Building a Code Assistant with Large Context Windows

The limits of traditional RAG

We recently built a demo using Mastra called Repo Base, a natural language interface for understanding code repositories.

When building it, we initially took the standard RAG approach - chunking code files, generating embeddings, and storing vectors. This quickly revealed several technical limitations:

Processing large codebases consumed significant compute resources
Chunking destroyed important semantic relationships between code sections
Vector storage and retrieval added unnecessary architectural complexity
Traditional RAG approaches weren't optimized for code's hierarchical structure

Leveraging Large Context Windows

The breakthrough came with Gemini Flash 2.0's expanded context window. Instead of complex chunking and embedding pipelines, we could feed entire files directly to the model.
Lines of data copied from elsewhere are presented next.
lemma occurs_at_trans:
  assumes "occurs_at_list s u k" "occurs_at u f i"
  shows "occurs_at s f (i + int k)"
  unfolding occurs_at_def
proof (intro allI impI)
  fix j assume "j < length s"
  with assms(1) have "k + j < length u" "u ! (k + j) = s ! j"
    unfolding occurs_at_list_def by auto
  with assms(2) show "f (i + int k + int j) = s ! j"
    unfolding occurs_at_def by (metis add.assoc of_nat_add)
qed

lemma occurs_at_list_middle: "occurs_at_list u (xs @ u @ ys) (length xs)"
  unfolding occurs_at_list_def by (simp add: nth_append)

lemma occurs_at_nested_substr:
  assumes u: "occurs_at u f i" and v: "occurs_at v f j"
    and "j \<le> i" "i + int (length u) \<le> j + int (length v)"
  shows "substr (Fin u) (Fin v)"
proof -
  define d where "d = nat (i - j)"
  have u_eq: "take (length u) (drop d v) = u"
  proof (rule nth_equalityI)
    show "length (take (length u) (drop d v)) = length u" using assms d_def by simp
    fix k assume "k < length (take (length u) (drop d v))"
    then have k: "k < length u" by simp
    then have "d + k < length v" using assms d_def by simp
    then have "v ! (d + k) = f (j + int (d + k))" using v unfolding occurs_at_def by metis
    also have "j + int (d + k) = i + int k" using assms(3) d_def by simp
    finally show "take (length u) (drop d v) ! k = u ! k" using u k \<open>d + k < length v\<close>
      unfolding occurs_at_def by simp
  qed
  have "v = take d v @ take (length u) (drop d v) @ drop (length u) (drop d v)"
    by (simp only: append_take_drop_id)
  then have "v = take d v @ u @ drop (length u) (drop d v)" by (simp only: u_eq)
  then show ?thesis by auto
qed

section \<open>Cyclic strings and occurrence counts\<close>

lemma cyclic_orbit:
  assumes "is_cyclic S" "f \<in> S"
  shows "S = range (shift f)" and "\<exists>p>0. periodic p f"
proof -
  obtain g p where g: "p > 0" "periodic p g" "S = range (shift g)"
    using assms(1) unfolding is_cyclic_def periodic_def by blast
  then obtain j where j: "f = shift g j" using assms(2) by blast
  have "shift g k = shift f (k - j)" for k using j by simp
  then have "range (shift g) \<subseteq> range (shift f)" by blast
  moreover have "range (shift f) \<subseteq> range (shift g)" using j by auto
  ultimately show "S = range (shift f)" using g(3) by blast
  have "periodic p f" using g(2) j by (simp add: periodic_shift)
  with g(1) show "\<exists>p>0. periodic p f" by blast
qed
(* Let $H$ be a separable complex Hilbert space and $T$ a power-bounded recurrent bounded operator on $H$. Then $T$ is hyper-recurrent and $\mathrm{Hr}(T)$ is dense in $H$.
   Context: $T$ is power-bounded if $\sup_n\|T^n\|<\infty$. $x$ is recurrent if $T^{\omega_n}x\to x$ for some strictly increasing sequence $(\omega_n)$ of positive integers; $\mathrm{Rec}(T)$ is the set of recurrent vectors and $T$ is recurrent if $\mathrm{Rec}(T)$ is dense. $\mathfrak{C}$ is the set of strictly increasing sequences $\omega$ with $T^{\omega_n}x\to x$ for some $x\ne0$; $\mathfrak{L}(\omega)=\{x:T^{\omega_n}x\to x\}$. $\mathrm{Hr}(T)$ is the set of $x\in\mathrm{Rec}(T)$ such that $\mathfrak{L}(\omega)$ is dense for every $\omega\in\mathfrak{C}$ with $x\in\mathfrak{L}(\omega)$; a recurrent $T$ is hyper-recurrent if $\mathrm{Hr}(T)\ne\emptyset$. *)

theory Defs
  imports "HOL-Analysis.Analysis"
begin

text \<open>A complex Hilbert space: a Banach space (over the reals, via the type class)
  equipped with a complex scalar multiplication sc extending the real one and a
  complex inner product ip inducing the norm.\<close>

definition complex_hilbert :: "(complex \<Rightarrow> 'a::banach \<Rightarrow> 'a) \<Rightarrow> ('a \<Rightarrow> 'a \<Rightarrow> complex) \<Rightarrow> bool" where
  "complex_hilbert sc ip \<longleftrightarrow>
     (\<forall>r x. sc (complex_of_real r) x = r *\<^sub>R x) \<and>
     (\<forall>a b x. sc (a * b) x = sc a (sc b x)) \<and>
     (\<forall>a b x. sc (a + b) x = sc a x + sc b x) \<and>
     (\<forall>a x y. sc a (x + y) = sc a x + sc a y) \<and>
     (\<forall>x y z. ip (x + y) z = ip x z + ip y z) \<and>
     (\<forall>a x y. ip (sc a x) y = a * ip x y) \<and>
     (\<forall>x y. ip y x = cnj (ip x y)) \<and>
     (\<forall>x. ip x x \<in> \<real> \<and> Re (ip x x) \<ge> 0) \<and>
     (\<forall>x. ip x x = 0 \<longrightarrow> x = 0) \<and>
     (\<forall>x. norm x = sqrt (Re (ip x x)))"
Here's how we set it up:

import { google } from "@ai-sdk/google";
import { Agent } from "@mastra/core/agent";

import { memory } from "../memory";
import { instructions } from "./instructions";
import { getFilePaths } from "../tools/getFilePaths";
import { getFileContent } from "../tools/getFileContent";
import { getRepositoryIssues } from "../tools/getRepositoryIssues";
import { getRepositoryCommits } from "../tools/getRepositoryCommits";
import { getRepositoryPullRequests } from "../tools/getRepositoryPullRequests";

export const agent = new Agent({
  name: "agent",
  instructions,
  memory,
  model: google("gemini-2.0-flash-001"),
  tools: {
    getFilePaths,
    getFileContent,
    getRepositoryIssues,
    getRepositoryCommits,
    getRepositoryPullRequests,
  },
});

Simplifying with Mastra's Memory System

Rather than building custom database schemas for message history and context management, we leveraged Mastra's memory system:

import { Memory } from "@mastra/memory";
import { PostgresStore } from "@mastra/pg";

export const memory = new Memory({
  storage: new PostgresStore({ connectionString: process.env.DB_URL! }),
  options: { lastMessages: 10 },
});

This handled:

Conversation persistence
Context window management
Semantic search across previous interactions
File tree relationship tracking

Out-the-box UI

Rather than building a custom chat interface from scratch, we leveraged assistant-ui which provides pre-built components for chat interactions and thread management. This saved significant development time compared to implementing our own UI components for message history, typing indicators, and thread state management.

Implementation Details

The system works by:

Maintaining the complete repository structure in memory
Using file-tree context to understand import/export relationships
Leveraging large context windows to analyze entire files
Applying semantic search for finding relevant code examples

Key Technical Learnings

Context > Chunking: For code understanding, preserving complete file context often beats sophisticated chunking strategies.
Memory Management: Mastra's built-in memory system eliminated the need for custom persistence layers while providing better semantic search capabilities.
Model Selection: Large context window models (like Gemini Flash) significantly simplified the architecture by reducing the need for complex RAG pipelines.
File Tree Context: Maintaining repository structure awareness was crucial for accurate code understanding.

The end result is a more maintainable system that better preserves the semantic relationships in code. You can find the code for Repo Base here.

We're excited to see how others use these patterns to build similar tools with Mastra.